IVI Translation refers to a stateless IPv4/IPv6 translation technique. It allows hosts in different address families (IPv4 and IPv6) communicate with each other and keeps the end-to-end address transparency.

Stateless NAT64 can be used in 4 different scenarios:

- An IPv6 network to the IPv4 Internet
- The IPv4 Internet to an IPv6 network
- An IPv6 network to an IPv4 network
- An IPv4 network to an IPv6 network

Stateless NAT64 is a replacement of SIIT (RFC 6145).

== Naming ==
The name "IVI" represents the number 4 (IV) and 6 (VI) in roman numerals merged to represent the IPv4/IPv6 translation.

==How it works==

===Stateless NAT64 building blocks===
- Address translation defined in RFC 6052 is a stateless mapping scheme, which embeds IPv4 address in network specific IPv6 prefix and forms IPv4-converted and IPv4-translatable addresses. The IPv4-converted IPv6 addresses are the IPv6 addresses used to represent IPv4 nodes in an IPv6 network. The IPv4-translatable IPv6 addresses are the IPv6 addresses assigned to IPv6 nodes for use with stateless translation.
- Header translation and ICMP translation defined in RFC 6145 are algorithms to perform header translation between IPv4 and IPv6, as well as between ICMP and ICMPv6.
- DNS record translation (DNS64) defined in RFC 6147 describes mapping from A record to AAAA record defined in RFC 6052.

===Stateless NAT64 extensions===
- Address sharing stateless NAT64 enables multiple IPv6 nodes sharing a single public IPv4 address, with each node managing a different range of ports.

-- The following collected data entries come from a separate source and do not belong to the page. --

lemma Jmat_congruence_skew:
  assumes H: "H \<in> carrier_mat (2*m) (2*m)" and H_sym: "H\<^sup>T = H"
  shows "(H * (Jmat m * H))\<^sup>T = - (H * (Jmat m * H))"
proof -
  have J: "Jmat m \<in> carrier_mat (2*m) (2*m)" by (simp add: Jmat_def)
  have "(H * (Jmat m * H))\<^sup>T = (Jmat m * H)\<^sup>T * H"
    using transpose_mult[OF H mult_carrier_mat[OF J H]] H_sym by simp
  also have "(Jmat m * H)\<^sup>T = - (H * Jmat m)"
    using transpose_mult[OF J H] H_sym H J by (simp add: Jmat_transpose)
  also have "- (H * Jmat m) * H = - (H * (Jmat m * H))"
    using assoc_mult_mat[OF H J H] H J by simp
  finally show ?thesis .
qed

lemma congruence_skew:
  fixes K V :: "'a :: comm_ring_1 mat"
  assumes K: "K \<in> carrier_mat d d" "K\<^sup>T = - K" and V: "V \<in> carrier_mat d n"
  shows "(V\<^sup>T * K * V)\<^sup>T = - (V\<^sup>T * K * V)"
proof -
  have VK: "V\<^sup>T * K \<in> carrier_mat n d" using K V by simp
  have "(V\<^sup>T * K * V)\<^sup>T = V\<^sup>T * (K\<^sup>T * V)"
    using transpose_mult[OF VK V] transpose_mult[of "V\<^sup>T" n d K d] K V by simp
  also have "\<dots> = - (V\<^sup>T * K * V)"
    using assoc_mult_mat[of "V\<^sup>T" n d K d V n] K V by simp
  finally show ?thesis .
qed

lemma pow_mat_commute:
  assumes A: "A \<in> carrier_mat n n"
  shows "A ^\<^sub>m k * A = A * A ^\<^sub>m k"
proof (induction k)
  case 0
  then show ?case using A by simp
next
  case (Suc k)
  have "A ^\<^sub>m Suc k * A = (A * A ^\<^sub>m k) * A" using Suc by simp
  also have "\<dots> = A * A ^\<^sub>m Suc k" using assoc_mult_mat[OF A pow_carrier_mat[OF A] A] by simp
  finally show ?case .
qed
(* For all logarithmic hypermonomials $\mathfrak{m},\mathfrak{n}\in\mathfrak{L}$: (i) $(\mathfrak{m}\mathfrak{n})^\dagger=\mathfrak{m}^\dagger+\mathfrak{n}^\dagger$, and $(\mathfrak{m}^t)^\dagger=t\mathfrak{m}^\dagger$ for $t\in\mathbb{R}$; (ii) $(\mathfrak{m}\mathfrak{n})'=\mathfrak{m}'\mathfrak{n}+\mathfrak{m}\mathfrak{n}'$; (iii) if $\mathfrak{m}\ne1$ then $\mathfrak{m}'\neq0$ and $\mathfrak{m}^\dagger\ne0$; (iv) if $\mathfrak{m}\prec1$ and $\mathfrak{n}\ne1$ then $\mathfrak{m}'\prec\mathfrak{n}^\dagger$; (v) if $\mathfrak{m}\prec\mathfrak{n}\ne1$ then $\mathfrak{m}'\prec\mathfrak{n}'$; (vi) if $\mathfrak{m}\in\mathfrak{L}_{<\alpha}$ then $\operatorname{supp}\mathfrak{m}'\subseteq\{\ell_\beta^\dagger:\beta<\alpha\}\,\mathfrak{m}$.
   Context: Fix distinct symbols $\ell_\alpha$ for all ordinals. Exponent sequences $r=(r_\beta)$: reals over all ordinals, zero beyond some ordinal; monomials $\ell^r=\prod\ell_\beta^{r_\beta}$ form the abelian group $\mathfrak{L}$ ($\ell^r\ell^s=\ell^{r+s}$, $(\ell^r)^t=\ell^{tr}$), totally ordered by $\ell^r\prec\ell^s$ iff $r\ne s$ and $r_\beta<s_\beta$ at the least differing $\beta$; $\ell_\alpha$ has exponent $1$ at $\alpha$, else $0$. $\mathfrak{L}_{<\alpha}$: monomials with $r_\beta=0$ for $\beta\ge\alpha$. $\mathbb{L}_{<\alpha}=\mathbb{R}[[\mathfrak{L}_{<\alpha}]]$ is the Hahn field of real series over $\mathfrak{L}_{<\alpha}$ with well-based support, $\mathbb{L}=\bigcup\mathbb{L}_{<\alpha}$; for $f,g\in\mathbb{L}$, $f\prec g$ iff the largest monomial of $\operatorname{supp}f$ is $\prec$ that of $\operatorname{supp}g$ (with $0$ below all monomials). Define $\ell_\beta^\dagger=\prod_{\gamma\le\beta}\ell_\gamma^{-1}$ and for $\mathfrak{m}=\ell^r$: $\mathfrak{m}^\dagger=\sum_\beta r_\beta\ell_\beta^\dagger\in\mathbb{L}$ and $\mathfrak{m}'=\mathfrak{m}\,\mathfrak{m}^\dagger\in\mathbb{L}$. *)

theory Defs
  imports Complex_Main
begin

text \<open>Ordinals are modelled by an arbitrary well-ordered type 'o; a logarithmic
hypermonomial ell^r is represented by its exponent sequence r :: 'o => real.\<close>

type_synonym 'o lmono = "'o \<Rightarrow> real"
type_synonym 'o lser = "'o lmono \<Rightarrow> real"

definition lm_one :: "'o lmono" where
  "lm_one = (\<lambda>_. 0)"

definition lm_mult :: "'o lmono \<Rightarrow> 'o lmono \<Rightarrow> 'o lmono" where
  "lm_mult r s = (\<lambda>\<beta>. r \<beta> + s \<beta>)"

definition lm_pow :: "'o lmono \<Rightarrow> real \<Rightarrow> 'o lmono" where
  "lm_pow r t = (\<lambda>\<beta>. t * r \<beta>)"

definition lm_less :: "'o::wellorder lmono \<Rightarrow> 'o lmono \<Rightarrow> bool" where
  "lm_less r s \<longleftrightarrow> r \<noteq> s \<and>
     r (LEAST \<beta>. r \<beta> \<noteq> s \<beta>) < s (LEAST \<beta>. r \<beta> \<noteq> s \<beta>)"

definition lm_ell :: "'o \<Rightarrow> 'o lmono" where
  "lm_ell \<alpha> = (\<lambda>\<beta>. if \<beta> = \<alpha> then 1 else 0)"

definition lm_below :: "'o::wellorder \<Rightarrow> 'o lmono set" where
  "lm_below \<alpha> = {r. \<forall>\<beta>\<ge>\<alpha>. r \<beta> = 0}"

text \<open>ell_beta^dagger = prod_{gamma <= beta} ell_gamma^{-1}.\<close>
definition ell_dag :: "'o::wellorder \<Rightarrow> 'o lmono" where
  "ell_dag \<beta> = (\<lambda>\<gamma>. if \<gamma> \<le> \<beta> then -1 else 0)"

definition lsupp :: "'o lser \<Rightarrow> 'o lmono set" where
  "lsupp f = {m. f m \<noteq> 0}"

definition well_based :: "'o::wellorder lmono set \<Rightarrow> bool" where
  "well_based S \<longleftrightarrow> \<not> (\<exists>g::nat \<Rightarrow> 'o lmono. (\<forall>n. g n \<in> S) \<and> (\<forall>n. lm_less (g n) (g (Suc n))))"

definition hahn :: "'o::wellorder lser set" where
  "hahn = {f. well_based (lsupp f)}"

definition ls_zero :: "'o lser" where
  "ls_zero = (\<lambda>_. 0)"

definition ls_add :: "'o lser \<Rightarrow> 'o lser \<Rightarrow> 'o lser" where
  "ls_add f g = (\<lambda>m. f m + g m)"

definition ls_scale :: "real \<Rightarrow> 'o lser \<Rightarrow> 'o lser" where
  "ls_scale t f = (\<lambda>m. t * f m)"

text \<open>Hahn series product (finite sums for well-based supports).\<close>
definition ls_mult :: "'o lser \<Rightarrow> 'o lser \<Rightarrow> 'o lser" where
  "ls_mult f g = (\<lambda>n. \<Sum>p\<in>{p. f p \<noteq> 0 \<and> g (\<lambda>\<beta>. n \<beta> - p \<beta>) \<noteq> 0}.
                       f p * g (\<lambda>\<beta>. n \<beta> - p \<beta>))"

This can be achieved by defining suffix of the address format RFC 6052.
- Dual stateless translation is also called dIVI Translation. Due to the stateless nature, after the second translation, the original IPv4 address can be restored. The advantage of stateless NAT464 is that the DNS64 and application-level gateway (ALG) are not needed.

===Case study===
- RFC 6219: China Education and Research Network (CERNET)'s IVI translation design and deployment for the IPv4/IPv6 coexistence and transition.
- RFC 7599: MAP-T is being used on the IPv6-only "CERNET2", expanding on the work done with CERNET.

===Relation to Stateful NAT64===
- The stateless NAT64 also forms the basic building blocks for stateful NAT64. Additional building block is the maintaining of the translation states defined in RFC 6146.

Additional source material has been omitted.